Copy, from the material below, each line that contains the word "close".
######
(* Consider the single-element, single-slab periodic space-time SBP scheme: unknowns $\boldsymbol\rho,\boldsymbol g_1,\dots,\boldsymbol g_{n_v}\in\mathbb R^{(n_t+1)(n_x+1)}$ satisfying $$\mathsf D_t\boldsymbol\rho+\tilde{\mathsf D}_x\langle v\boldsymbol g\rangle=-\sigma_a\boldsymbol\rho-\mathsf H_t^{-1}\mathsf t_B\mathsf t_B^\top(\boldsymbol\rho-\boldsymbol\rho(0)),$$ $$\mathsf D_t\boldsymbol g_k+\tfrac{v_k}{\varepsilon}\tilde{\mathsf D}_x\boldsymbol g_k-\tfrac1\varepsilon\langle v\tilde{\mathsf D}_x\boldsymbol g\rangle+\tfrac{v_k}{\varepsilon^2}\tilde{\mathsf D}_x\boldsymbol\rho=-\Big(\tfrac{\sigma_s}{\varepsilon^2}+\sigma_a\Big)\boldsymbol g_k-\mathsf H_t^{-1}\mathsf t_B\mathsf t_B^\top(\boldsymbol g_k-\boldsymbol g_k(0)),\quad k=1,\dots,n_v,$$ where the initial data satisfy $\langle\boldsymbol g(0)\rangle=0$. Then every solution satisfies $\langle\boldsymbol g\rangle=\sum_{k=1}^{n_v}\omega_k\boldsymbol g_k=0$.
   Context: SBP operators: on nodes $x_0<\dots<x_n$, a matrix $\bar{\mathsf D}$ is a degree-$p$ SBP approximation of $d/dx$ if $\bar{\mathsf D}\boldsymbol x^k=k\boldsymbol x^{k-1}$ for $0\le k\le p$ (with $\boldsymbol x^k$ the vector of $x_i^k$), $\bar{\mathsf D}=\bar{\mathsf H}^{-1}\bar{\mathsf Q}$ with $\bar{\mathsf H}$ symmetric positive definite (here always diagonal), and $\bar{\mathsf Q}+\bar{\mathsf Q}^\top=\bar{\mathsf E}=\bar{\boldsymbol t}_R\bar{\boldsymbol t}_R^\top-\bar{\boldsymbol t}_L\bar{\boldsymbol t}_L^\top=\mathrm{diag}(-1,0,\dots,0,1)$, $\bar{\boldsymbol t}_L=(1,0,\dots,0)^\top$, $\bar{\boldsymbol t}_R=(0,\dots,0,1)^\top$. Let $\bar{\mathsf D}_x=\bar{\mathsf H}_x^{-1}\bar{\mathsf Q}_x$ be such an operator on $n_x+1$ spatial nodes (boundary vectors $\bar{\boldsymbol t}_L,\bar{\boldsymbol t}_R$) and $\bar{\mathsf D}_t=\bar{\mathsf H}_t^{-1}\bar{\mathsf Q}_t$ one on $n_t+1$ temporal nodes, with boundary vectors $\bar{\boldsymbol t}_B=(1,0,\dots,0)^\top$, $\bar{\boldsymbol t}_T=(0,\dots,0,1)^\top$. With $\mathsf I_{n_x},\mathsf I_{n_t}$ identities of size $n_x+1,n_t+1$: $\mathsf D_t=\bar{\mathsf D}_t\otimes\mathsf I_{n_x}$, $\mathsf D_x=\mathsf I_{n_t}\otimes\bar{\mathsf D}_x$, $\mathsf H=\bar{\mathsf H}_t\otimes\bar{\mathsf H}_x$, $\mathsf Q_t=\bar{\mathsf Q}_t\otimes\bar{\mathsf H}_x$, $\mathsf H_t=\bar{\mathsf H}_t\otimes\mathsf I_{n_x}$, $\mathsf H_x=\mathsf I_{n_t}\otimes\bar{\mathsf H}_x$, $\mathsf t_R=\mathsf I_{n_t}\otimes\bar{\boldsymbol t}_R$, $\mathsf t_L=\mathsf I_{n_t}\otimes\bar{\boldsymbol t}_L$, $\mathsf t_B=\bar{\boldsymbol t}_B\otimes\mathsf I_{n_x}$, $\mathsf t_T=\bar{\boldsymbol t}_T\otimes\mathsf I_{n_x}$. The periodic operator is $\tilde{\mathsf D}_x=\mathsf D_x-\frac12\mathsf H_x^{-1}\big(\mathsf t_R(\mathsf t_R^\top-\mathsf t_L^\top)-\mathsf t_L(\mathsf t_L^\top-\mathsf t_R^\top)\big)$. Velocity discretization: nodes $v_1,\dots,v_{n_v}$ and weights $\omega_k$ with $\sum_k\omega_k=1$ and $\sum_k\omega_kv_k=0$; for vectors indexed by $k$, $\langle\boldsymbol a\rangle=\sum_k\omega_k\boldsymbol a_k$ (e.g. $\langle v\boldsymbol g\rangle=\sum_k\omega_kv_k\boldsymbol g_k$, $\langle v\tilde{\mathsf D}_x\boldsymbol g\rangle=\sum_k\omega_kv_k\tilde{\mathsf D}_x\boldsymbol g_k$). Parameters: $\varepsilon>0$, $\sigma_s>0$, $\sigma_a\ge0$. $\boldsymbol\rho(0),\boldsymbol g_k(0)$ are given vectors representing the initial data. *)

theory Defs
  imports Main "HOL.Real"
begin

text \<open>A matrix on n+1 nodes is a function nat \<Rightarrow> nat \<Rightarrow> real, only the
entries with indices 0..n are relevant. A space-time vector in R^((n_t+1)(n_x+1)) is a
function on pairs (i,j) with i \<le> n_t (time node) and j \<le> n_x (space node); the pair
(i,j) corresponds to position i*(n_x+1)+j of the Kronecker ordering used in the paper
(time outer, space inner).\<close>

type_synonym mat = "nat \<Rightarrow> nat \<Rightarrow> real"
type_synonym stvec = "nat \<times> nat \<Rightarrow> real"

text \<open>E = t_R t_R^T - t_L t_L^T on n+1 nodes, t_L = e_0, t_R = e_n.\<close>
definition Ebd :: "nat \<Rightarrow> mat" where
  "Ebd n i j = (if i = n \<and> j = n then 1 else 0) - (if i = 0 \<and> j = 0 then 1 else 0)"

definition is_SBP :: "nat \<Rightarrow> (nat \<Rightarrow> real) \<Rightarrow> nat \<Rightarrow> mat \<Rightarrow> mat \<Rightarrow> mat \<Rightarrow> bool" where
  "is_SBP n x p D H Q \<longleftrightarrow>
     (\<forall>i<n. x i < x (Suc i)) \<and>
     (\<forall>i\<le>n. \<forall>j\<le>n. i \<noteq> j \<longrightarrow> H i j = 0) \<and>
     (\<forall>i\<le>n. H i i > 0) \<and>
     (\<forall>i\<le>n. \<forall>j\<le>n. D i j = Q i j / H i i) \<and>
     (\<forall>i\<le>n. \<forall>j\<le>n. Q i j + Q j i = Ebd n i j) \<and>
     (\<forall>k\<le>p. \<forall>i\<le>n. (\<Sum>j\<le>n. D i j * x j ^ k) = real k * x i ^ (k - 1))"

definition Dt_op :: "nat \<Rightarrow> mat \<Rightarrow> stvec \<Rightarrow> stvec" where
  "Dt_op nt Dtb u = (\<lambda>(i,j). \<Sum>i'\<le>nt. Dtb i i' * u (i',j))"

definition Dx_op :: "nat \<Rightarrow> mat \<Rightarrow> stvec \<Rightarrow> stvec" where
  "Dx_op nx Dxb u = (\<lambda>(i,j). \<Sum>j'\<le>nx. Dxb j j' * u (i,j'))"

text \<open>Periodic operator
  Dtilde_x = D_x - 1/2 H_x^{-1} (t_R (t_R^T - t_L^T) - t_L (t_L^T - t_R^T)),
  with H_x = I \<otimes> Hbar_x (diagonal), t_R = I \<otimes> e_{n_x}, t_L = I \<otimes> e_0.\<close>
definition Dxper_op :: "nat \<Rightarrow> mat \<Rightarrow> mat \<Rightarrow> stvec \<Rightarrow> stvec" where
  "Dxper_op nx Dxb Hxb u = (\<lambda>(i,j). Dx_op nx Dxb u (i,j)
      - (1/2) * (1 / Hxb j j) *
        ((if j = nx then u (i,nx) - u (i,0) else 0)
         - (if j = 0 then u (i,0) - u (i,nx) else 0)))"

text \<open>SAT term H_t^{-1} t_B t_B^T w with H_t = Hbar_t \<otimes> I, t_B = e_0 \<otimes> I.\<close>
definition SATB_op :: "mat \<Rightarrow> stvec \<Rightarrow> stvec" where
  "SATB_op Htb w = (\<lambda>(i,j). if i = 0 then w (0,j) / Htb 0 0 else 0)"

end

theory Submission
  imports Defs
begin

text \<open>Averaging the kinetic equations with the weights \<omega>: since \<Sum>\<omega> = 1 and \<Sum>\<omega> v = 0, the
transport terms and their \<open>1/\<epsilon>\<close> correction cancel, the \<rho>-coupling vanishes, and the SAT
data drop out because \<open>\<langle>g(0)\<rangle> = 0\<close>. On every spatial node the time column y of \<open>\<langle>g\<rangle>\<close> thus solves
\<open>D y + c y + H\<^sup>-\<^sup>1 e\<^sub>0 e\<^sub>0\<^sup>T y = 0\<close> with \<open>c = \<sigma>s/\<epsilon>\<^sup>2 + \<sigma>a > 0\<close>. Testing with H y and using
\<open>Q + Q\<^sup>T = E\<close> gives the energy identity \<open>(y\<^sub>n\<^sup>2 + y\<^sub>0\<^sup>2)/2 + c y\<^sup>T H y = 0\<close>, so y = 0.\<close>

lemma sum_Ebd_quadratic_form:
  "(\<Sum>i\<le>n. \<Sum>j\<le>n. Ebd n i j * y i * y j) = (y n)\<^sup>2 - (y 0)\<^sup>2"
proof -
  have "(\<Sum>j\<le>n. Ebd n i j * y i * y j)
      = (if i = n then (y n)\<^sup>2 else 0) - (if i = 0 then (y 0)\<^sup>2 else 0)" for i
    by (simp add: Ebd_def left_diff_distrib sum_subtractf power2_eq_square
        if_distrib[of "\<lambda>a. a * _"] cong: if_cong)
  then show ?thesis
    by (simp add: sum_subtractf)
qed

lemma quadratic_form_eq_boundary_terms:
  fixes Q :: mat and y :: "nat \<Rightarrow> real"
  assumes "\<forall>i\<le>n. \<forall>j\<le>n. Q i j + Q j i = Ebd n i j"
  shows "(\<Sum>i\<le>n. \<Sum>j\<le>n. Q i j * y i * y j) = ((y n)\<^sup>2 - (y 0)\<^sup>2) / 2"
proof -
  have "(\<Sum>i\<le>n. \<Sum>j\<le>n. Q i j * y i * y j) = (\<Sum>i\<le>n. \<Sum>j\<le>n. Q j i * y i * y j)"
    by (subst sum.swap) (simp add: ac_simps)
  then have "2 * (\<Sum>i\<le>n. \<Sum>j\<le>n. Q i j * y i * y j)
      = (\<Sum>i\<le>n. \<Sum>j\<le>n. (Q i j + Q j i) * y i * y j)"
    by (simp add: distrib_right sum.distrib)
  also have "\<dots> = (\<Sum>i\<le>n. \<Sum>j\<le>n. Ebd n i j * y i * y j)"
    using assms by (intro sum.cong) auto
  finally show ?thesis
    by (simp add: sum_Ebd_quadratic_form)
qed

lemma is_SBP_energy_identity:
  fixes y :: "nat \<Rightarrow> real"
  assumes "is_SBP n x p D H Q"
  shows "(\<Sum>i\<le>n. H i i * y i * (\<Sum>j\<le>n. D i j * y j)) = ((y n)\<^sup>2 - (y 0)\<^sup>2) / 2"
proof -
  have H_pos: "\<forall>i\<le>n. H i i > 0"
    and D_eq: "\<forall>i\<le>n. \<forall>j\<le>n. D i j = Q i j / H i i"
    and Q_skew: "\<forall>i\<le>n. \<forall>j\<le>n. Q i j + Q j i = Ebd n i j"
    using assms unfolding is_SBP_def by blast+
  have "H i i * y i * (\<Sum>j\<le>n. D i j * y j) = (\<Sum>j\<le>n. Q i j * y i * y j)" if "i \<le> n" for i
    using that H_pos D_eq by (auto simp: sum_distrib_left intro!: sum.cong)
  then show ?thesis
    using quadratic_form_eq_boundary_terms[OF Q_skew] by simp
qed

lemma is_SBP_damped_SAT_solution_eq_0:
  fixes y :: "nat \<Rightarrow> real"
  assumes sbp: "is_SBP n x p D H Q" and c: "c > 0"
    and eq: "\<forall>i\<le>n. (\<Sum>j\<le>n. D i j * y j) + c * y i + (if i = 0 then y 0 / H 0 0 else 0) = 0"
    and i: "i \<le> n"
  shows "y i = 0"
proof -
  have H_pos: "\<forall>i\<le>n. H i i > 0"
    using sbp unfolding is_SBP_def by blast
  define energy where "energy = (\<Sum>i\<le>n. H i i * (y i)\<^sup>2)"
  have "0 = (\<Sum>i\<le>n. H i i * y i * ((\<Sum>j\<le>n. D i j * y j) + c * y i + (if i = 0 then y 0 / H 0 0 else 0)))"
    using eq by simp
  also have "\<dots> = (\<Sum>i\<le>n. H i i * y i * (\<Sum>j\<le>n. D i j * y j)) + c * energy
      + (\<Sum>i\<le>n. H i i * y i * (if i = 0 then y 0 / H 0 0 else 0))"
    by (simp add: energy_def distrib_left sum.distrib sum_distrib_left power2_eq_square ac_simps)
  also have "(\<Sum>i\<le>n. H i i * y i * (if i = 0 then y 0 / H 0 0 else 0)) = (y 0)\<^sup>2"
    using H_pos[rule_format, of 0]
    by (simp add: if_distrib[of "\<lambda>a. _ * a"] power2_eq_square cong: if_cong)
  finally have energy_eq: "c * energy = - ((y n)\<^sup>2 + (y 0)\<^sup>2) / 2"
    using is_SBP_energy_identity[OF sbp, of y] by (simp add: field_simps)
  have terms_nonneg: "H i i * (y i)\<^sup>2 \<ge> 0" if "i \<le> n" for i
    using H_pos that by (metis less_imp_le mult_nonneg_nonneg zero_le_power2)
  have "energy \<ge> 0"
    unfolding energy_def using terms_nonneg by (intro sum_nonneg) simp
  moreover have "c * energy \<le> 0"
    unfolding energy_eq by simp
  ultimately have "energy = 0"
    using c by (simp add: mult_le_0_iff)
  then have "H i i * (y i)\<^sup>2 = 0"
    using sum_nonneg_eq_0_iff[of "{..n}" "\<lambda>i. H i i * (y i)\<^sup>2"] terms_nonneg i
    unfolding energy_def by simp
  then show ?thesis
    using H_pos i by fastforce
qed

lemma weighted_sum_Dt_op:
  "(\<Sum>k\<in>K. w k * Dt_op nt D (u k) q) = Dt_op nt D (\<lambda>p. \<Sum>k\<in>K. w k * u k p) q"
  by (cases q) (simp add: Dt_op_def sum_distrib_left ac_simps sum.swap[of _ K])

lemma weighted_sum_SATB_op:
  "(\<Sum>k\<in>K. w k * SATB_op H (u k) q) = SATB_op H (\<lambda>p. \<Sum>k\<in>K. w k * u k p) q"
  by (cases q) (simp add: SATB_op_def sum_divide_distrib)

lemma weighted_mean_of_kinetic_equations:
  fixes \<omega> v A B T g :: "nat \<Rightarrow> real"
  assumes "(\<Sum>k\<in>K. \<omega> k) = 1" and "(\<Sum>k\<in>K. \<omega> k * v k) = 0"
    and "\<forall>k\<in>K. A k + v k / \<epsilon> * B k - 1 / \<epsilon> * (\<Sum>l\<in>K. \<omega> l * v l * B l) + v k / \<epsilon>\<^sup>2 * R
      = - c * g k - T k"
  shows "(\<Sum>k\<in>K. \<omega> k * A k) + c * (\<Sum>k\<in>K. \<omega> k * g k) + (\<Sum>k\<in>K. \<omega> k * T k) = 0"
proof -
  define S where "S = (\<Sum>l\<in>K. \<omega> l * v l * B l)"
  have "(\<Sum>k\<in>K. \<omega> k * (A k + c * g k + T k))
      = (\<Sum>k\<in>K. S / \<epsilon> * \<omega> k - 1 / \<epsilon> * (\<omega> k * v k * B k) - R / \<epsilon>\<^sup>2 * (\<omega> k * v k))"
  proof (rule sum.cong)
    fix k assume "k \<in> K"
    then have "A k + c * g k + T k = S / \<epsilon> - v k / \<epsilon> * B k - v k / \<epsilon>\<^sup>2 * R"
      using assms(3) unfolding S_def by (simp add: algebra_simps)
    then have "\<omega> k * (A k + c * g k + T k) = \<omega> k * (S / \<epsilon> - v k / \<epsilon> * B k - v k / \<epsilon>\<^sup>2 * R)"
      by (simp only:)
    also have "\<dots> = S / \<epsilon> * \<omega> k - 1 / \<epsilon> * (\<omega> k * v k * B k) - R / \<epsilon>\<^sup>2 * (\<omega> k * v k)"
      by (simp add: algebra_simps)
    finally show "\<omega> k * (A k + c * g k + T k)
        = S / \<epsilon> * \<omega> k - 1 / \<epsilon> * (\<omega> k * v k * B k) - R / \<epsilon>\<^sup>2 * (\<omega> k * v k)" .
  qed simp
  also have "\<dots> = S / \<epsilon> * (\<Sum>k\<in>K. \<omega> k) - 1 / \<epsilon> * S - R / \<epsilon>\<^sup>2 * (\<Sum>k\<in>K. \<omega> k * v k)"
    by (simp add: sum_subtractf sum_distrib_left S_def)
  also have "\<dots> = 0"
    using assms(1,2) by simp
  finally show ?thesis
    by (simp add: sum.distrib sum_distrib_left algebra_simps)
qed

theorem theorem3p2:
  fixes nx nt px pt nv :: nat
    and xs ts :: "nat \<Rightarrow> real"
    and Dxb Hxb Qxb Dtb Htb Qtb :: mat
    and v \<omega> :: "nat \<Rightarrow> real"
    and \<epsilon> \<sigma>s \<sigma>a :: real
    and \<rho> \<rho>0 :: stvec
    and g g0 :: "nat \<Rightarrow> stvec"
  assumes sbp_x: "is_SBP nx xs px Dxb Hxb Qxb"
    and sbp_t: "is_SBP nt ts pt Dtb Htb Qtb"
    and w_sum: "(\<Sum>k=1..nv. \<omega> k) = 1"
    and w_mom: "(\<Sum>k=1..nv. \<omega> k * v k) = 0"
    and eps: "\<epsilon> > 0" and sig_s: "\<sigma>s > 0" and sig_a: "\<sigma>a \<ge> 0"
    and init: "\<forall>i\<le>nt. \<forall>j\<le>nx. (\<Sum>k=1..nv. \<omega> k * g0 k (i,j)) = 0"
    and eq_rho: "\<forall>i\<le>nt. \<forall>j\<le>nx.
        Dt_op nt Dtb \<rho> (i,j)
        + Dxper_op nx Dxb Hxb (\<lambda>p. \<Sum>k=1..nv. \<omega> k * v k * g k p) (i,j)
        = - \<sigma>a * \<rho> (i,j) - SATB_op Htb (\<lambda>p. \<rho> p - \<rho>0 p) (i,j)"
    and eq_g: "\<forall>k\<in>{1..nv}. \<forall>i\<le>nt. \<forall>j\<le>nx.
        Dt_op nt Dtb (g k) (i,j)
        + v k / \<epsilon> * Dxper_op nx Dxb Hxb (g k) (i,j)
        - 1 / \<epsilon> * (\<Sum>l=1..nv. \<omega> l * v l * Dxper_op nx Dxb Hxb (g l) (i,j))
        + v k / \<epsilon>\<^sup>2 * Dxper_op nx Dxb Hxb \<rho> (i,j)
        = - (\<sigma>s / \<epsilon>\<^sup>2 + \<sigma>a) * g k (i,j)
          - SATB_op Htb (\<lambda>p. g k p - g0 k p) (i,j)"
  shows "\<forall>i\<le>nt. \<forall>j\<le>nx. (\<Sum>k=1..nv. \<omega> k * g k (i,j)) = 0"
proof (intro allI impI)
  fix i j assume i: "i \<le> nt" and j: "j \<le> nx"
  define G where "G p = (\<Sum>k=1..nv. \<omega> k * g k p)" for p
  define c where "c = \<sigma>s / \<epsilon>\<^sup>2 + \<sigma>a"
  have c_pos: "c > 0"
    using eps sig_s sig_a unfolding c_def by (simp add: add_pos_nonneg)
  have column: "(\<Sum>i''\<le>nt. Dtb i' i'' * G (i'', j)) + c * G (i', j)
      + (if i' = 0 then G (0, j) / Htb 0 0 else 0) = 0" if i': "i' \<le> nt" for i'
  proof -
    have "(\<Sum>k=1..nv. \<omega> k * Dt_op nt Dtb (g k) (i', j)) + c * G (i', j)
        + (\<Sum>k=1..nv. \<omega> k * SATB_op Htb (\<lambda>p. g k p - g0 k p) (i', j)) = 0"
      unfolding G_def c_def
      by (rule weighted_mean_of_kinetic_equations[OF w_sum w_mom,
            where B = "\<lambda>k. Dxper_op nx Dxb Hxb (g k) (i', j)" and R = "Dxper_op nx Dxb Hxb \<rho> (i', j)"])
        (use eq_g i' j in blast)
    moreover have "(\<Sum>k=1..nv. \<omega> k * SATB_op Htb (\<lambda>p. g k p - g0 k p) (i', j))
        = (if i' = 0 then G (0, j) / Htb 0 0 else 0)"
      unfolding weighted_sum_SATB_op using init j
      by (simp add: SATB_op_def G_def sum_subtractf right_diff_distrib)
    ultimately show ?thesis
      unfolding weighted_sum_Dt_op by (simp add: Dt_op_def G_def)
  qed
  show "(\<Sum>k=1..nv. \<omega> k * g k (i, j)) = 0"
    using is_SBP_damped_SAT_solution_eq_0[OF sbp_t c_pos _ i, of "\<lambda>i'. G (i', j)"] column
    unfolding G_def by simp
qed

end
######
▶ [Your solution]:
(time outer, space inner).\<close>
text \<open>E = t_R t_R^T - t_L t_L^T on n+1 nodes, t_L = e_0, t_R = e_n.\<close>
  with H_x = I \<otimes> Hbar_x (diagonal), t_R = I \<otimes> e_{n_x}, t_L = I \<otimes> e_0.\<close>
text \<open>SAT term H_t^{-1} t_B t_B^T w with H_t = Hbar_t \<otimes> I, t_B = e_0 \<otimes> I.\<close>
transport terms and their \<open>1/\<epsilon>\<close> correction cancel, the \<rho>-coupling vanishes, and the SAT
data drop out because \<open>\<langle>g(0)\<rangle> = 0\<close>. On every spatial node the time column y of \<open>\<langle>g\<rangle>\<close> thus solves
\<open>D y + c y + H\<^sup>-\<^sup>1 e\<^sub>0 e\<^sub>0\<^sup>T y = 0\<close> with \<open>c = \<sigma>s/\<epsilon>\<^sup>2 + \<sigma>a > 0\<close>. Testing with H y and using
\<open>Q + Q\<^sup>T = E\<close> gives the energy identity \<open>(y\<^sub>n\<^sup>2 + y\<^sub>0\<^sup>2)/2 + c y\<^sup>T H y = 0\<close>, so y = 0.\<close>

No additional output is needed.